• _EXERCISE AIM_: Report how many lines of the listing contain the string "open", with no other words.
Top of PROVIDED MATERIAL
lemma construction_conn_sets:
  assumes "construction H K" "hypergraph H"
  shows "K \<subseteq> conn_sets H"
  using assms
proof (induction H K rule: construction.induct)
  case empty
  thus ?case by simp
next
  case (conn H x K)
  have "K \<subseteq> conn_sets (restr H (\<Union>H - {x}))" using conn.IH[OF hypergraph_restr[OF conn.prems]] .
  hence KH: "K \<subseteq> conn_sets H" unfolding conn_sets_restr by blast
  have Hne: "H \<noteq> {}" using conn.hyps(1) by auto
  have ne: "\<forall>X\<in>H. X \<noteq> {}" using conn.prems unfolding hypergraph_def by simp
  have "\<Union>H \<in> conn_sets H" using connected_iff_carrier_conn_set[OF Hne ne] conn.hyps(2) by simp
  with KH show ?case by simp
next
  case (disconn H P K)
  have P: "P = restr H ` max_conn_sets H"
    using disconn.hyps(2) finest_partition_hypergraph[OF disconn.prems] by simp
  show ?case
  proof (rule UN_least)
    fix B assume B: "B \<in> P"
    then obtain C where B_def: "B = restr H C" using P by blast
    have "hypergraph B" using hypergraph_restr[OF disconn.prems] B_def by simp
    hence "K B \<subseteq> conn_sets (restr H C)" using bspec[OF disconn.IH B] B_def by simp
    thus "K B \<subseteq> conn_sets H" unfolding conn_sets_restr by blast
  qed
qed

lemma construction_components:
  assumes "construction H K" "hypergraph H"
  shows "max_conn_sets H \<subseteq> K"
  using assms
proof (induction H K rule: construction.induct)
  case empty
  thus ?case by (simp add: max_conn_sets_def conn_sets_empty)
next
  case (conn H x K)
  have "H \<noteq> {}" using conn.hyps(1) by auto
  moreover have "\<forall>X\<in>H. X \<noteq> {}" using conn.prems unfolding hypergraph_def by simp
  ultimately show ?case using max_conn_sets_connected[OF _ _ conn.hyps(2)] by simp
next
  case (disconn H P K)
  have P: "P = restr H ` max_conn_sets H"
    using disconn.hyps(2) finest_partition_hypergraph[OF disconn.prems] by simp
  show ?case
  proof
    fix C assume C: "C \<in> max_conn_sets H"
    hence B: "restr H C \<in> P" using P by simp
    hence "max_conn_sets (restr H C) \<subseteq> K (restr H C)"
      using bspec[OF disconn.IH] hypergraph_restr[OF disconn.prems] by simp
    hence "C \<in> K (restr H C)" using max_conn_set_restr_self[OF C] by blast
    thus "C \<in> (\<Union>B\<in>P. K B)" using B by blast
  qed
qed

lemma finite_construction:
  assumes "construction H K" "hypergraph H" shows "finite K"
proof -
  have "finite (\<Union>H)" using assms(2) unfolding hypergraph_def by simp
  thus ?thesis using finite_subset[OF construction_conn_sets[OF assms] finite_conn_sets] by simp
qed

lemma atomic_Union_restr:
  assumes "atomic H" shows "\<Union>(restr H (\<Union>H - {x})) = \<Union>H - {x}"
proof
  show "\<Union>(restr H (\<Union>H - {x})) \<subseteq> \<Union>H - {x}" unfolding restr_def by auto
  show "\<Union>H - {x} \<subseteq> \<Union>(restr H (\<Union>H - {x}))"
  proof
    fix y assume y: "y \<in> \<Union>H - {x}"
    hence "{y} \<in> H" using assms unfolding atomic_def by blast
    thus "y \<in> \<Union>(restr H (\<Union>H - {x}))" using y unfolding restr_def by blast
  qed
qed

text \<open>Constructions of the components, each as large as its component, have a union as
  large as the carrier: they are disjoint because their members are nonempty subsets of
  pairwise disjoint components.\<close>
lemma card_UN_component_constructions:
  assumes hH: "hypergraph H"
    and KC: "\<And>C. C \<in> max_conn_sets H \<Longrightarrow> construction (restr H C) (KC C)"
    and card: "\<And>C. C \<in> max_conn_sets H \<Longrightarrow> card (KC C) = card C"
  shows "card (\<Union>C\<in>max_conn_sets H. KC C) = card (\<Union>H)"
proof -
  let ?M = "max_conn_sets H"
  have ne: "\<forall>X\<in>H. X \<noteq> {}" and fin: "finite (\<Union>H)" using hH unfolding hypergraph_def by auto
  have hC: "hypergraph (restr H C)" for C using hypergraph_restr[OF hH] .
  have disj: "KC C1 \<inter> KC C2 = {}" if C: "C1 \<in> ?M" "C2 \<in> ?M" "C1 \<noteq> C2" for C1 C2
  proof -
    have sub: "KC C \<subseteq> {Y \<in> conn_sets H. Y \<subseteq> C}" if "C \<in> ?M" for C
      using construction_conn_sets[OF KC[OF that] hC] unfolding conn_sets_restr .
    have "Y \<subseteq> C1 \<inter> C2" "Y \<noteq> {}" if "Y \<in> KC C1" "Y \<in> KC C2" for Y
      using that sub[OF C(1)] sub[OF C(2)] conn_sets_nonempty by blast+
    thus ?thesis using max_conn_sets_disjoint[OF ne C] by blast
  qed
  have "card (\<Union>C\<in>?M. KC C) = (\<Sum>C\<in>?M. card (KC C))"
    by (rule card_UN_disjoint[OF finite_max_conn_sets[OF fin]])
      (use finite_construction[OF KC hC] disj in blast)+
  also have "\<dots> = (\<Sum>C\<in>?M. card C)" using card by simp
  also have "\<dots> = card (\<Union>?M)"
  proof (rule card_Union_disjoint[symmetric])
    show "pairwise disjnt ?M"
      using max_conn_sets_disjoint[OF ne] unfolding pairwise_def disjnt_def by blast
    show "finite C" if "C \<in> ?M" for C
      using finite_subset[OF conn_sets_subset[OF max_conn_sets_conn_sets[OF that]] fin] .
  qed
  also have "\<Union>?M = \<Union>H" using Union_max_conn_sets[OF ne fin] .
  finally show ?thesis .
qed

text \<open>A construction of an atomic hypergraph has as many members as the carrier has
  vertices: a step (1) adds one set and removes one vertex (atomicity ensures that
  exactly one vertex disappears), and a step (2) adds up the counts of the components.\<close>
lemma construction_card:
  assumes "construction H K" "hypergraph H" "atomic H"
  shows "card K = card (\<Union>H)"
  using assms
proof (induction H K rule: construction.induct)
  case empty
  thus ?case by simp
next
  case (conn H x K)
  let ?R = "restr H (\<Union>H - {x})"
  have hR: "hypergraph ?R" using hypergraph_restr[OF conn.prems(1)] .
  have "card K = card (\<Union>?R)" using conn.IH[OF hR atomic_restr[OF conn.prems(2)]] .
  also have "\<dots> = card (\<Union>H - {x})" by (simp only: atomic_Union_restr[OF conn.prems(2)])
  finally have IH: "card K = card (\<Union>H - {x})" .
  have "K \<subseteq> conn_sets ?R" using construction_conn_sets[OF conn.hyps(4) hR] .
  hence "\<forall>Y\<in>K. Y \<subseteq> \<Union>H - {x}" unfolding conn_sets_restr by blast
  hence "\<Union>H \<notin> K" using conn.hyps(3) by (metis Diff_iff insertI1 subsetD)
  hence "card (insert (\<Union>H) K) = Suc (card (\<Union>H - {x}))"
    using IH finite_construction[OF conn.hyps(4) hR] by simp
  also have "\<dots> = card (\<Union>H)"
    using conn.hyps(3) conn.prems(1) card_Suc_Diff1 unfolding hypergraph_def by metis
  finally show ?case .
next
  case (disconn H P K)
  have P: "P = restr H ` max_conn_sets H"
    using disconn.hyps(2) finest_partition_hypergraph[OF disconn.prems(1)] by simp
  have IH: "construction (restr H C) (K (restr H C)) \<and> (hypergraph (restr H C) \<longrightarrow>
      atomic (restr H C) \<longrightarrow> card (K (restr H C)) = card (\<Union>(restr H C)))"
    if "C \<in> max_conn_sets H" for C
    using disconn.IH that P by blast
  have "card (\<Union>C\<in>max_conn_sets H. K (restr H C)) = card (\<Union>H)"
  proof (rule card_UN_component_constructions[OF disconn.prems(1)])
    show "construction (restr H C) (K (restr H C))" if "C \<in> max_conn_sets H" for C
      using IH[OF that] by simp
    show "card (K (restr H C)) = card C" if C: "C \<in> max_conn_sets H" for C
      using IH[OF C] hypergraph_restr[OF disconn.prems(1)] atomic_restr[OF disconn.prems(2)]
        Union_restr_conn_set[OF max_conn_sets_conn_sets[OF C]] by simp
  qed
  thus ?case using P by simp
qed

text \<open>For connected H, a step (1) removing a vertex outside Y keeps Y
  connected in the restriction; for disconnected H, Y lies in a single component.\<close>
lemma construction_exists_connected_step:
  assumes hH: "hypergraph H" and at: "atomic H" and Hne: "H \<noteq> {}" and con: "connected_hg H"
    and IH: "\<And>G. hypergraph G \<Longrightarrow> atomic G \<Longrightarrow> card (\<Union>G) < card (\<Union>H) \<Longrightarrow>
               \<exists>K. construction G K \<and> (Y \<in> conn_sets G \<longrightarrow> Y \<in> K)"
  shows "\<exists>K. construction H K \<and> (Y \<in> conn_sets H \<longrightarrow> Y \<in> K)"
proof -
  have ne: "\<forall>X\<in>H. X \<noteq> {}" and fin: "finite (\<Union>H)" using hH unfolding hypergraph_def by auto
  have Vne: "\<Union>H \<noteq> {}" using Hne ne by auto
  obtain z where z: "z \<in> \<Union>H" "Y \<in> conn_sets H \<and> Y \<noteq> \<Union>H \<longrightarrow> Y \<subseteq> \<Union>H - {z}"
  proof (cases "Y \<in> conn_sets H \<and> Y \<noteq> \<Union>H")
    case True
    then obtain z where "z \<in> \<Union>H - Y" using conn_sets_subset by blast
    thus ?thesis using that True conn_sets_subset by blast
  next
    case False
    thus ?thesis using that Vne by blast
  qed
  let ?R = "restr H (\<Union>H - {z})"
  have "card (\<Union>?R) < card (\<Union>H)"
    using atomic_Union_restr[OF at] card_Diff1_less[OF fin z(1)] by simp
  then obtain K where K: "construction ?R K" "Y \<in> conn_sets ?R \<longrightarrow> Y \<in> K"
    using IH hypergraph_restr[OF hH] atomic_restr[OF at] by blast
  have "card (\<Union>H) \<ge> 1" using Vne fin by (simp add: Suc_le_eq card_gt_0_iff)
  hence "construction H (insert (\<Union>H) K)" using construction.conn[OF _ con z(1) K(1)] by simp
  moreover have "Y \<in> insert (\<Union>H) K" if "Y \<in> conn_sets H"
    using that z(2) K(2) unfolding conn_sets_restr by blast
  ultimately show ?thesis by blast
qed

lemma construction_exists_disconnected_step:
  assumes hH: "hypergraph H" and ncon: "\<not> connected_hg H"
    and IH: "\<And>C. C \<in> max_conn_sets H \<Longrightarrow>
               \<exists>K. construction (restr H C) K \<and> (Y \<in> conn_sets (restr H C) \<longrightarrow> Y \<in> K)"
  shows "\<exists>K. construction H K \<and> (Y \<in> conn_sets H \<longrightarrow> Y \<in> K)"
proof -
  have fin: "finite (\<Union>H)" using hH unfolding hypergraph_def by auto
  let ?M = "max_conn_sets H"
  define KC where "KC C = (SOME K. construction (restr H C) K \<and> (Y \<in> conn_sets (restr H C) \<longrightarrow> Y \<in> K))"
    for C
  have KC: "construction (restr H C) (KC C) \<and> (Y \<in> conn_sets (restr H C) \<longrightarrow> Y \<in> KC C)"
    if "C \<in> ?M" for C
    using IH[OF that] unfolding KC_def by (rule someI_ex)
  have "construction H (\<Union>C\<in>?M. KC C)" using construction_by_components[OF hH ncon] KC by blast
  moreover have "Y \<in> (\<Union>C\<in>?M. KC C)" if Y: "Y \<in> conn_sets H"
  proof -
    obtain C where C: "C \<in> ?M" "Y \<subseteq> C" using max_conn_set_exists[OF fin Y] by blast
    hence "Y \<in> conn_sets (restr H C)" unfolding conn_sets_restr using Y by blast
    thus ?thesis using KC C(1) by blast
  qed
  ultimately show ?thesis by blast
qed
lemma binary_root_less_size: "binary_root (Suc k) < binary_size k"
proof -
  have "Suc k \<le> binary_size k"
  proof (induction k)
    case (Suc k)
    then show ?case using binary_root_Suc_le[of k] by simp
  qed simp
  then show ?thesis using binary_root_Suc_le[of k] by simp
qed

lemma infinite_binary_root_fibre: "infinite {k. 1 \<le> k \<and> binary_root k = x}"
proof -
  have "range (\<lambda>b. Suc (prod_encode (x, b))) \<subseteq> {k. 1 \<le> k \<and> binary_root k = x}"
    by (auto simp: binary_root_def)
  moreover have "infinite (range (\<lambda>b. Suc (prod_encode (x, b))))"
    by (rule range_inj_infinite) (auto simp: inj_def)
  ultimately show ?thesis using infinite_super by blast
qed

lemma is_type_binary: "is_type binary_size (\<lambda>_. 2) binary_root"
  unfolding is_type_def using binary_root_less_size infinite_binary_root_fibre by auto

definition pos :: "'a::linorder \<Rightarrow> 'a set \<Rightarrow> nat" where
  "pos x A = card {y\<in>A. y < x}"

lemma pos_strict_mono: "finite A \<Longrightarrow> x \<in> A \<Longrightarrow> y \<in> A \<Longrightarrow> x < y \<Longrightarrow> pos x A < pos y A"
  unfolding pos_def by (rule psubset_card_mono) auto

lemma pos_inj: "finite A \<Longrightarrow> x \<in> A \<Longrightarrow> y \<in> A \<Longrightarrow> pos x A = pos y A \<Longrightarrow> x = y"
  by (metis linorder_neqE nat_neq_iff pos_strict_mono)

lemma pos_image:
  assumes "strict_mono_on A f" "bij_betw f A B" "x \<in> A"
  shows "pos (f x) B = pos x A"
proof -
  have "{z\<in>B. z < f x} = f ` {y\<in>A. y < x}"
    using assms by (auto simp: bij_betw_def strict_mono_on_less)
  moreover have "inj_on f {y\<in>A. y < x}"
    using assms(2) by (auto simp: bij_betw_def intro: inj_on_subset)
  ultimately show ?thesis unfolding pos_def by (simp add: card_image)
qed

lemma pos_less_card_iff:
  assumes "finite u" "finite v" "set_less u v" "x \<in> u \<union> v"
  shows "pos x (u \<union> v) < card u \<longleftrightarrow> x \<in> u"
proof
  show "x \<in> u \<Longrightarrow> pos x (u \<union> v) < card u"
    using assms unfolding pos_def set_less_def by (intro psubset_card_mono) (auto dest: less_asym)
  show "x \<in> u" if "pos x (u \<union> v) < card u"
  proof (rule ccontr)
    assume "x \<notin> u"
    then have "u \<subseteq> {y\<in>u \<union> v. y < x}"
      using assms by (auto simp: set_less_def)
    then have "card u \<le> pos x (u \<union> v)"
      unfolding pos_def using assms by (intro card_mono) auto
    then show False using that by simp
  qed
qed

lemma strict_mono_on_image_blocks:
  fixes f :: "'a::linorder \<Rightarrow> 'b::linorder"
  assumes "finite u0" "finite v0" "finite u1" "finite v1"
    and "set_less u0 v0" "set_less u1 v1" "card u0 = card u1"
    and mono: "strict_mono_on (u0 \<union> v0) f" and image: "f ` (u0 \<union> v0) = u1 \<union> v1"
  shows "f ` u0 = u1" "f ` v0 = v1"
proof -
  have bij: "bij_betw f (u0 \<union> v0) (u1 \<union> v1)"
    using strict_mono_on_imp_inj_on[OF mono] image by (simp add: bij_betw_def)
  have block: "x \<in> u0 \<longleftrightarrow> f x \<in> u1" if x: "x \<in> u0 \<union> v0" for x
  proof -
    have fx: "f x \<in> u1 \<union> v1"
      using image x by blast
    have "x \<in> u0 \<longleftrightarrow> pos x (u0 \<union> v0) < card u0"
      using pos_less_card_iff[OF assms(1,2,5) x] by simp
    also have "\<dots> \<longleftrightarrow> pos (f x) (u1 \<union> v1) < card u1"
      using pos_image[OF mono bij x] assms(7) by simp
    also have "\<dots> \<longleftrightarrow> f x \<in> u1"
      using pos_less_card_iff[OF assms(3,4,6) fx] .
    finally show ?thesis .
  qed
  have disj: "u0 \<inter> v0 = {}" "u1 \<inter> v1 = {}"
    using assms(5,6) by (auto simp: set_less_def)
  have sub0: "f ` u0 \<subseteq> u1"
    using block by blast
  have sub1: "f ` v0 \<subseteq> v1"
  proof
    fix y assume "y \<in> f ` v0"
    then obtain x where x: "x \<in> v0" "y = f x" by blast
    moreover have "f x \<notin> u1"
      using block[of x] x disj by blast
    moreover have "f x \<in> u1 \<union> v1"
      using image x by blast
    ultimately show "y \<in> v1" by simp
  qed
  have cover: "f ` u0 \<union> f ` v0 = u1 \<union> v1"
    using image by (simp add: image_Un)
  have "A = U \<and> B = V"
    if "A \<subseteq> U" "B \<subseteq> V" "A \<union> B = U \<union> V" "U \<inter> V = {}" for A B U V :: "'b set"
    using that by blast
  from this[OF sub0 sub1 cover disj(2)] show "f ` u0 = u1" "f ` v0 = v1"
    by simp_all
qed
Bottom of PROVIDED MATERIAL
• _ANSWER AREA_: 3